Store large files outside the repository

GitHub limits the size of files you can track in regular Git repositories. Learn how to track or remove files that are beyond the limit. To find out more please see here.

About Git Large File Storage

Git LFS handles large files by storing references to the file in the repository, but not the actual file itself. To work around Git's architecture, Git LFS creates a pointer file which acts as a reference to the actual file (which is stored somewhere else). GitHub manages this pointer file in your repository. When you clone the repository down, GitHub uses the pointer file as a map to go and find the large file for you.
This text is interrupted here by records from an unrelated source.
(* Let $S$ be a semigroup and $a\in S$ an idempotent with $aSa\subseteq\operatorname{Reg}(S)$; put $P=\{x\in Sa: x\,\mathscr L\,ax\}$ (a regular subsemigroup of $Sa$) and $\phi:P\to aSa$, $x\mapsto ax$. Let $x\in P$, and let $r$ be the number of $\mathscr R^P$-classes contained in $\widehat R^a_x$. Then: (i) the restriction of $\phi$ to $H^P_x$ is a bijection $H^P_x\to H^{aSa}_{ax}$; (ii) $H^P_x$ is a group if and only if $H^{aSa}_{ax}$ is a group, in which case these groups are isomorphic; (iii) if $H^P_x$ is a group, then $\widehat H^a_x$ is a left group of degree $r$ over $H^P_x$; (iv) if $H^P_x$ is a group, then the set of idempotents of $\widehat H^a_x$ is a left zero band of size $r$.
   Context: $\operatorname{Reg}(S)$ is the set of regular elements of $S$. Green's relations $\mathscr K\in\{\mathscr L,\mathscr R,\mathscr H,\mathscr D,\mathscr J\}$ are taken in $S$, in $P$ (written $\mathscr K^P$, classes $K^P_x$) or in the monoid $aSa$ (written $\mathscr K^{aSa}$, classes $K^{aSa}_y$). For each $\mathscr K$, define the relation $\widehat{\mathscr K}^a$ on $P$ by $x\,\widehat{\mathscr K}^a\,y$ iff $(ax,ay)\in\mathscr K^{aSa}$; $\widehat K^a_x$ denotes the $\widehat{\mathscr K}^a$-class of $x$ in $P$. A left zero band is a semigroup $U$ with $uv=u$ for all $u,v\in U$; a left group of degree $r$ over a group $G$ is a semigroup isomorphic to $U\times G$ with $U$ a left zero band of cardinality $r$. *)

theory Defs
  imports Main "HOL-Library.Equipollence"
begin

text \<open>The semigroup S is the whole type 'a of class semigroup_mult.
  Green's relations are taken relative to a subsemigroup T (the carrier),
  via T^1 x = T^1 y etc.\<close>

definition gL :: "'a::semigroup_mult set \<Rightarrow> 'a \<Rightarrow> 'a \<Rightarrow> bool" where
  "gL T x y \<longleftrightarrow> x \<in> T \<and> y \<in> T \<and>
     (x = y \<or> (\<exists>u\<in>T. x = u * y)) \<and> (y = x \<or> (\<exists>v\<in>T. y = v * x))"

definition gR :: "'a::semigroup_mult set \<Rightarrow> 'a \<Rightarrow> 'a \<Rightarrow> bool" where
  "gR T x y \<longleftrightarrow> x \<in> T \<and> y \<in> T \<and>
     (x = y \<or> (\<exists>u\<in>T. x = y * u)) \<and> (y = x \<or> (\<exists>v\<in>T. y = x * v))"

definition gH :: "'a::semigroup_mult set \<Rightarrow> 'a \<Rightarrow> 'a \<Rightarrow> bool" where
  "gH T x y \<longleftrightarrow> gL T x y \<and> gR T x y"

definition gclass :: "('a set \<Rightarrow> 'a \<Rightarrow> 'a \<Rightarrow> bool) \<Rightarrow> 'a set \<Rightarrow> 'a \<Rightarrow> 'a set" where
  "gclass K T x = {y. K T x y}"

definition Reg :: "'a::semigroup_mult set" where
  "Reg = {x. \<exists>y. x * y * x = x}"

definition aSa :: "'a::semigroup_mult \<Rightarrow> 'a set" where
  "aSa a = {a * s * a | s. True}"

definition Sa :: "'a::semigroup_mult \<Rightarrow> 'a set" where
  "Sa a = {s * a | s. True}"

definition Pset :: "'a::semigroup_mult \<Rightarrow> 'a set" where
  "Pset a = {x \<in> Sa a. gL UNIV x (a * x)}"

definition hatclass :: "('a::semigroup_mult set \<Rightarrow> 'a \<Rightarrow> 'a \<Rightarrow> bool) \<Rightarrow> 'a \<Rightarrow> 'a \<Rightarrow> 'a set" where
  "hatclass K a x = {y \<in> Pset a. K (aSa a) (a * x) (a * y)}"

definition is_group :: "'a::semigroup_mult set \<Rightarrow> bool" where
  "is_group G \<longleftrightarrow> G \<noteq> {} \<and> (\<forall>x\<in>G. \<forall>y\<in>G. x * y \<in> G) \<and>
     (\<exists>e\<in>G. \<forall>x\<in>G. e * x = x \<and> x * e = x \<and> (\<exists>y\<in>G. x * y = e \<and> y * x = e))"

definition sg_iso :: "'a::semigroup_mult set \<Rightarrow> 'a set \<Rightarrow> bool" where
  "sg_iso G K \<longleftrightarrow> (\<exists>f. bij_betw f G K \<and> (\<forall>x\<in>G. \<forall>y\<in>G. f (x * y) = f x * f y))"

text \<open>T (a subsemigroup) is isomorphic to U \<times> G, U a left zero band, G a group.\<close>
definition left_group_over :: "'a::semigroup_mult set \<Rightarrow> 'b set \<Rightarrow> 'a set \<Rightarrow> bool" where
  "left_group_over T U G \<longleftrightarrow> is_group G \<and> (\<forall>x\<in>T. \<forall>y\<in>T. x * y \<in> T) \<and>
     (\<exists>f. bij_betw f T (U \<times> G) \<and>
        (\<forall>x\<in>T. \<forall>y\<in>T. f (x * y) = (fst (f x), snd (f x) * snd (f y))))"

definition left_zero_band :: "'a::semigroup_mult set \<Rightarrow> bool" where
  "left_zero_band U \<longleftrightarrow> (\<forall>u\<in>U. \<forall>v\<in>U. u * v = u)"

end

theory Submission
  imports Defs
begin

text \<open>For x in P we have x a = x, so phi x = a x is a homomorphism from P into aSa, and
  x = t a x lets one cancel a on the left, which makes phi injective on every R-class of P.
  Regularity of aSa sharpens x = t a x to x = q a x with q in P; hence phi reflects L, and every
  step a x R a x u in aSa lifts to the step x R x u in P. So phi maps the H-class of x in P
  bijectively and homomorphically onto the H-class of a x in aSa. When this is a group G, the
  R-classes C of P inside the hat-R-class of x together with G coordinatise the hat-H-class of x:
  each pair (C, g) has exactly one lift y in C with a y = g, and y z stays in the R-class of y.
  The idempotents are the lifts of the identity of G.\<close>

lemma mem_gclass: "y \<in> gclass K T x \<longleftrightarrow> K T x y"
  by (simp add: gclass_def)

lemma gR_refl: "x \<in> T \<Longrightarrow> gR T x x"
  by (simp add: gR_def)

lemma gR_sym: "gR T x y \<Longrightarrow> gR T y x"
  unfolding gR_def by blast

lemma gL_sym: "gL T x y \<Longrightarrow> gL T y x"
  unfolding gL_def by blast

lemma gR_trans:
  assumes closed: "\<And>u v. u \<in> T \<Longrightarrow> v \<in> T \<Longrightarrow> u * v \<in> T"
    and "gR T x y" and "gR T y z"
  shows "gR T x z"
proof -
  have step: "p = r \<or> (\<exists>u\<in>T. p = r * u)"
    if "p = q \<or> (\<exists>u\<in>T. p = q * u)" and "q = r \<or> (\<exists>u\<in>T. q = r * u)" for p q r
    using that by (elim disjE bexE) (auto simp: mult.assoc intro: closed)
  show ?thesis
    using assms(2,3) step[of x y z] step[of z y x] unfolding gR_def by blast
qed

lemma gL_trans:
  assumes closed: "\<And>u v. u \<in> T \<Longrightarrow> v \<in> T \<Longrightarrow> u * v \<in> T"
    and "gL T x y" and "gL T y z"
  shows "gL T x z"
proof -
  have step: "p = r \<or> (\<exists>u\<in>T. p = u * r)"
    if "p = q \<or> (\<exists>u\<in>T. p = u * q)" and "q = r \<or> (\<exists>u\<in>T. q = u * r)" for p q r
    using that by (elim disjE bexE) (auto simp flip: mult.assoc intro: closed)
  show ?thesis
    using assms(2,3) step[of x y z] step[of z y x] unfolding gL_def by blast
qed

lemma gclass_gR_eq:
  assumes closed: "\<And>u v. u \<in> T \<Longrightarrow> v \<in> T \<Longrightarrow> u * v \<in> T"
    and "gR T y w"
  shows "gclass gR T y = gclass gR T w"
proof -
  have "gR T w y" using assms(2) by (rule gR_sym)
  then show ?thesis
    unfolding gclass_def using assms(2) gR_trans[OF closed] by blast
qed

lemma gR_iff_right_units:
  assumes units: "\<And>y. y \<in> T \<Longrightarrow> \<exists>e\<in>T. y * e = y"
  shows "gR T x y \<longleftrightarrow> x \<in> T \<and> y \<in> T \<and> (\<exists>u\<in>T. x = y * u) \<and> (\<exists>v\<in>T. y = x * v)"
proof -
  have "(p = q \<or> (\<exists>u\<in>T. p = q * u)) \<longleftrightarrow> (\<exists>u\<in>T. p = q * u)" if "q \<in> T" for p q
    using units[OF that] by metis
  then show ?thesis unfolding gR_def by blast
qed

lemma gL_iff_left_units:
  assumes units: "\<And>y. y \<in> T \<Longrightarrow> \<exists>e\<in>T. e * y = y"
  shows "gL T x y \<longleftrightarrow> x \<in> T \<and> y \<in> T \<and> (\<exists>u\<in>T. x = u * y) \<and> (\<exists>v\<in>T. y = v * x)"
proof -
  have "(p = q \<or> (\<exists>u\<in>T. p = u * q)) \<longleftrightarrow> (\<exists>u\<in>T. p = u * q)" if "q \<in> T" for p q
    using units[OF that] by metis
  then show ?thesis unfolding gL_def by blast
qed

lemma is_group_closed: "is_group G \<Longrightarrow> x \<in> G \<Longrightarrow> y \<in> G \<Longrightarrow> x * y \<in> G"
  unfolding is_group_def by blast

lemma is_group_has_idempotent: "is_group G \<Longrightarrow> \<exists>e\<in>G. e * e = e"
  unfolding is_group_def by blast

lemma is_group_bij_hom_image:
  assumes bij: "bij_betw f A B"
    and hom: "\<And>x y. x \<in> A \<Longrightarrow> y \<in> A \<Longrightarrow> f (x * y) = f x * f y"
    and A: "is_group A"
  shows "is_group B"
proof -
  have B: "B = f ` A" using bij by (simp add: bij_betw_def)
  obtain e where e: "e \<in> A" "\<forall>x\<in>A. e * x = x \<and> x * e = x \<and> (\<exists>y\<in>A. x * y = e \<and> y * x = e)"
    using A unfolding is_group_def by blast
  have "f p * f q \<in> B" if "p \<in> A" "q \<in> A" for p q
  proof -
    have "f p * f q = f (p * q)" using hom[OF that] by simp
    then show ?thesis using B is_group_closed[OF A that] by blast
  qed
  then have "\<forall>x\<in>B. \<forall>y\<in>B. x * y \<in> B"
    unfolding B by blast
  moreover have "f e * f p = f p \<and> f p * f e = f p \<and> (\<exists>y\<in>B. f p * y = f e \<and> y * f p = f e)"
    if p: "p \<in> A" for p
  proof -
    obtain q where q: "q \<in> A" "p * q = e" "q * p = e" using e(2) p by blast
    have "f e * f p = f p" "f p * f e = f p" "f p * f q = f e" "f q * f p = f e"
      using e p q hom[symmetric] by simp_all
    then show ?thesis using B q(1) by blast
  qed
  then have "\<forall>x\<in>B. f e * x = x \<and> x * f e = x \<and> (\<exists>y\<in>B. x * y = f e \<and> y * x = f e)"
    unfolding B by blast
  moreover have "f e \<in> B" using B e(1) by blast
  ultimately show ?thesis
    unfolding is_group_def by blast
qed

lemma is_group_bij_hom_preimage:
  assumes bij: "bij_betw f A B"
    and hom: "\<And>x y. x \<in> A \<Longrightarrow> y \<in> A \<Longrightarrow> f (x * y) = f x * f y"
    and closed: "\<And>x y. x \<in> A \<Longrightarrow> y \<in> A \<Longrightarrow> x * y \<in> A"
    and B: "is_group B"
  shows "is_group A"
proof -
  have fA: "B = f ` A" and inj: "inj_on f A" using bij by (simp_all add: bij_betw_def)
  have cancel: "x = y" if "x \<in> A" "y \<in> A" "f x = f y" for x y
    using inj that by (simp add: inj_on_def)
  obtain e' where e': "e' \<in> B" "\<forall>x\<in>B. e' * x = x \<and> x * e' = x \<and> (\<exists>y\<in>B. x * y = e' \<and> y * x = e')"
    using B unfolding is_group_def by blast
  obtain e where e: "e \<in> A" "f e = e'" using fA e'(1) by blast
  have "\<forall>p\<in>A. e * p = p \<and> p * e = p \<and> (\<exists>q\<in>A. p * q = e \<and> q * p = e)"
  proof
    fix p assume p: "p \<in> A"
    have "f p \<in> B" using fA p by blast
    then obtain q' where "q' \<in> B" "f p * q' = e'" "q' * f p = e'" using e'(2) by blast
    then obtain q where q: "q \<in> A" "f p * f q = e'" "f q * f p = e'" using fA by blast
    have "f e * f p = f p" "f p * f e = f p" using e'(2) e(2) \<open>f p \<in> B\<close> by simp_all
    then have "e * p = p" "p * e = p"
      using cancel[of "e * p" p] cancel[of "p * e" p] closed hom e(1) p by simp_all
    moreover have "p * q = e" "q * p = e"
      using cancel[of "p * q" e] cancel[of "q * p" e] closed hom e q p by simp_all
    ultimately show "e * p = p \<and> p * e = p \<and> (\<exists>q\<in>A. p * q = e \<and> q * p = e)"
      using q(1) by blast
  qed
  then show ?thesis
    unfolding is_group_def using closed e(1) by blast
qed

locale idempotent_corner =
  fixes a :: "'a::semigroup_mult"
  assumes idem: "a * a = a"
    and corner_regular: "aSa a \<subseteq> Reg"
begin

lemma a_mult_a_mult [simp]: "a * (a * z) = a * z"
  by (simp add: idem flip: mult.assoc)

lemma mem_aSa_iff: "y \<in> aSa a \<longleftrightarrow> a * y = y \<and> y * a = y"
proof
  assume "y \<in> aSa a"
  then obtain s where "y = a * s * a" unfolding aSa_def by blast
  then show "a * y = y \<and> y * a = y" by (simp add: mult.assoc idem)
next
  assume "a * y = y \<and> y * a = y"
  then have "y = a * y * a" by simp
  then show "y \<in> aSa a" unfolding aSa_def by blast
qed
lemma circulant_minus:
  assumes C: "circulant n C" and D: "circulant n D"
  shows "circulant n (C - D)"
proof -
  have Cc: "C \<in> carrier_mat n n" and Dc: "D \<in> carrier_mat n n"
    using C D by (auto simp: circulant_def)
  have "Pshift n * (C - D) = Pshift n * C - Pshift n * D"
    using Cc Dc by (simp add: mult_minus_distrib_mat[of _ n n])
  also have "\<dots> = (C - D) * Pshift n"
    using C D Cc Dc by (simp add: circulant_def minus_mult_distrib_mat[OF Cc Dc Pshift_carrier])
  finally show ?thesis
    using Cc Dc by (simp add: circulant_def minus_carrier_mat)
qed

lemma circulant_smult:
  assumes C: "circulant n C"
  shows "circulant n (a \<cdot>\<^sub>m C)"
proof -
  have Cc: "C \<in> carrier_mat n n"
    using C by (simp add: circulant_def)
  have "Pshift n * (a \<cdot>\<^sub>m C) = (a \<cdot>\<^sub>m C) * Pshift n"
    using C Cc by (simp add: circulant_def mult_smult_distrib[of _ n n] mult_smult_assoc_mat[OF Cc Pshift_carrier])
  then show ?thesis
    using Cc by (simp add: circulant_def)
qed

lemma circulant_inverse:
  assumes C: "circulant n C" and E: "E \<in> carrier_mat n n"
    and EC: "E * C = 1\<^sub>m n" and CE: "C * E = 1\<^sub>m n"
  shows "circulant n E"
proof -
  have Cc: "C \<in> carrier_mat n n" and PC: "Pshift n * C = C * Pshift n"
    using C by (auto simp: circulant_def)
  have "E * Pshift n = E * (Pshift n * (C * E))"
    using E by (simp add: CE right_mult_one_mat[OF Pshift_carrier])
  also have "\<dots> = E * (Pshift n * C) * E"
    using E Cc by (simp add: assoc_mult_mat[of _ n n _ n _ n] mult_carrier_mat[of _ n n _ n])
  also have "\<dots> = (E * C) * Pshift n * E"
    using E Cc by (simp add: PC assoc_mult_mat[of _ n n _ n _ n] mult_carrier_mat[of _ n n _ n])
  also have "\<dots> = Pshift n * E"
    using E by (simp add: EC)
  finally show ?thesis
    using E by (simp add: circulant_def)
qed

lemma index_anticirculant:
  assumes K: "anticirculant n K" and "i < n" "j < n"
  shows "K $$ (i,j) = K $$ (0, (i + j) mod n)"
  using assms(2,3)
proof (induction i arbitrary: j)
  case 0
  then show ?case by simp
next
  case (Suc i)
  have Kc: "K \<in> carrier_mat n n" and PK: "Pshift n * K = K * transpose_mat (Pshift n)"
    using K by (auto simp: anticirculant_def)
  have "K $$ (Suc i, j) = (Pshift n * K) $$ (i, j)"
    using Suc.prems by (simp add: index_Pshift_mult[OF Kc])
  also have "\<dots> = K $$ (i, Suc j mod n)"
    unfolding PK by (rule index_mult_transpose_Pshift[OF Kc]) (use Suc.prems in auto)
  also have "\<dots> = K $$ (0, (i + Suc j mod n) mod n)"
    using Suc by simp
  also have "(i + Suc j mod n) mod n = (Suc i + j) mod n"
    by (simp add: mod_add_right_eq)
  finally show ?case .
qed

lemma anticirculant_transpose:
  assumes K: "anticirculant n K"
  shows "transpose_mat K = K"
proof -
  have Kc: "K \<in> carrier_mat n n"
    using K by (simp add: anticirculant_def)
  show ?thesis
  proof (rule eq_matI)
    fix i j assume "i < dim_row K" "j < dim_col K"
    then show "transpose_mat K $$ (i,j) = K $$ (i,j)"
      using Kc index_anticirculant[OF K, of i j] index_anticirculant[OF K, of j i]
      by (simp add: add.commute)
  qed (use Kc in auto)
qed

lemma Xmat_carrier [simp]: "Xmat n x \<in> carrier_mat n n"
  and Xmat_dims [simp]: "dim_row (Xmat n x) = n" "dim_col (Xmat n x) = n"
  by (simp_all add: Xmat_def)

lemma Xmat_anticirculant: "anticirculant n (Xmat n x)"
proof -
  have "Pshift n * Xmat n x = Xmat n x * transpose_mat (Pshift n)"
  proof (rule eq_matI)
    fix i j assume "i < dim_row (Xmat n x * transpose_mat (Pshift n))"
      "j < dim_col (Xmat n x * transpose_mat (Pshift n))"
    then have i: "i < n" and j: "j < n" by auto
    then show "(Pshift n * Xmat n x) $$ (i,j) = (Xmat n x * transpose_mat (Pshift n)) $$ (i,j)"
      using index_Pshift_mult[OF Xmat_carrier i j] index_mult_transpose_Pshift[OF Xmat_carrier i j]
      by (simp add: Xmat_def mod_simps)
  qed auto
  then show ?thesis
    by (simp add: anticirculant_def)
qed

definition circ_mat :: "nat \<Rightarrow> (nat \<Rightarrow> real) \<Rightarrow> real mat" where
  "circ_mat n c = mat n n (\<lambda>(a,b). c (residue n (int b - int a)))"

lemma circ_mat_carrier [simp]: "circ_mat n c \<in> carrier_mat n n"
  and circ_mat_dims [simp]: "dim_row (circ_mat n c) = n" "dim_col (circ_mat n c) = n"
  by (simp_all add: circ_mat_def)

lemma index_circ_mat_first_row: "i < n \<Longrightarrow> circ_mat n c $$ (0,i) = c i"
  by (simp add: circ_mat_def residue_def)

lemma circ_mat_first_row:
  assumes "circulant n C"
  shows "circ_mat n (\<lambda>l. C $$ (0,l)) = C"
proof (rule eq_matI)
  fix i j assume "i < dim_row C" "j < dim_col C"
  then show "circ_mat n (\<lambda>l. C $$ (0,l)) $$ (i,j) = C $$ (i,j)"
    using circulant_carrier[OF assms] index_circulant[OF assms, of i j] by (simp add: circ_mat_def)
qed (use circulant_carrier[OF assms] in auto)

lemma sum_Pshift_power_index:
  assumes "a < n" "b < n"
  shows "(\<Sum>l<n. c l * (Pshift n ^\<^sub>m l) $$ (a,b)) = c (residue n (int b - int a))"
proof -
  have "(\<Sum>l<n. c l * (Pshift n ^\<^sub>m l) $$ (a,b))
      = (\<Sum>l<n. if l = residue n (int b - int a) then c l else 0)"
    by (rule sum.cong) (auto simp: index_Pshift_power add_mod_eq_iff assms)
  also have "\<dots> = c (residue n (int b - int a))"
    using assms by (simp add: residue_less)
  finally show ?thesis .
qed

lemma Amat_carrier [simp]: "Amat n \<in> carrier_mat (2*n) (2*n)"
  unfolding Amat_def carrier_mat_def by simp

lemma Amat_power: "Amat n ^\<^sub>m l = four_block_mat (Pshift n ^\<^sub>m l) (0\<^sub>m n n) (0\<^sub>m n n) (Pshift n ^\<^sub>m l)"
  unfolding Amat_def by (rule pow_four_block_mat) auto

lemma pow_comb_Amat:
  "pow_comb c (Amat n) n = four_block_mat (circ_mat n c) (0\<^sub>m n n) (0\<^sub>m n n) (circ_mat n c)"
proof (rule eq_matI)
  fix i j assume "i < dim_row (four_block_mat (circ_mat n c) (0\<^sub>m n n) (0\<^sub>m n n) (circ_mat n c))"
    "j < dim_col (four_block_mat (circ_mat n c) (0\<^sub>m n n) (0\<^sub>m n n) (circ_mat n c))"
  then have i: "i < n + n" and j: "j < n + n" by auto
  have "pow_comb c (Amat n) n $$ (i,j) = (\<Sum>l<n. c l * (Amat n ^\<^sub>m l) $$ (i,j))"
    using i j by (simp add: pow_comb_def carrier_matD[OF Amat_carrier])
  also have "\<dots> = four_block_mat (circ_mat n c) (0\<^sub>m n n) (0\<^sub>m n n) (circ_mat n c) $$ (i,j)"
  proof (cases "i < n \<longleftrightarrow> j < n")
    case True
    define a b where "a = (if i < n then i else i - n)" and "b = (if j < n then j else j - n)"
    have a: "a < n" and b: "b < n" using i j by (auto simp: a_def b_def)
    have "(\<Sum>l<n. c l * (Amat n ^\<^sub>m l) $$ (i,j)) = (\<Sum>l<n. c l * (Pshift n ^\<^sub>m l) $$ (a,b))"
      using True i j by (intro sum.cong) (auto simp: Amat_power a_def b_def)
    also have "\<dots> = c (residue n (int b - int a))"
      by (rule sum_Pshift_power_index[OF a b])
    also have "\<dots> = four_block_mat (circ_mat n c) (0\<^sub>m n n) (0\<^sub>m n n) (circ_mat n c) $$ (i,j)"
      using True i j by (auto simp: circ_mat_def a_def b_def of_nat_diff)
    finally show ?thesis .
  next
    case False
    then show ?thesis
      using i j by (auto simp: Amat_power intro!: sum.neutral)
  qed
  finally show "pow_comb c (Amat n) n $$ (i,j) = \<dots>" .
qed (auto simp: pow_comb_def carrier_matD[OF Amat_carrier])

section \<open>Entrywise limits and derivatives of matrix-valued functions\<close>

definition tendsto_mat :: "('b \<Rightarrow> real mat) \<Rightarrow> real mat \<Rightarrow> 'b filter \<Rightarrow> bool" where
  "tendsto_mat F L net \<longleftrightarrow> (\<forall>t. F t \<in> carrier_mat (dim_row L) (dim_col L)) \<and>
     (\<forall>i<dim_row L. \<forall>j<dim_col L. ((\<lambda>t. F t $$ (i,j)) \<longlongrightarrow> L $$ (i,j)) net)"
Using Git LFS, you can store files up to:

GitHub Free 2 GB
GitHub Pro 2 GB
GitHub Team 4 GB
GitHub Enterprise Cloud 5 GB

Use shallow clones for CI

Stolee, D., 2022. Get up to speed with partial clone and shallow clone | The GitHub Blog. [online] The GitHub Blog. Available at: https://github.blog/2020-12-21-get-up-to-speed-with-partial-clone-and-shallow-clone/ [Accessed 7 October 2022].

As your Git repositories grow, it becomes harder and harder for new developers to clone and start working on them. Git is designed as a distributed version control system. This means that you can work on your machine without needing a connection to a central server that controls how you interact with the repository. This is only fully realizable if you have all reachable data in your local repository.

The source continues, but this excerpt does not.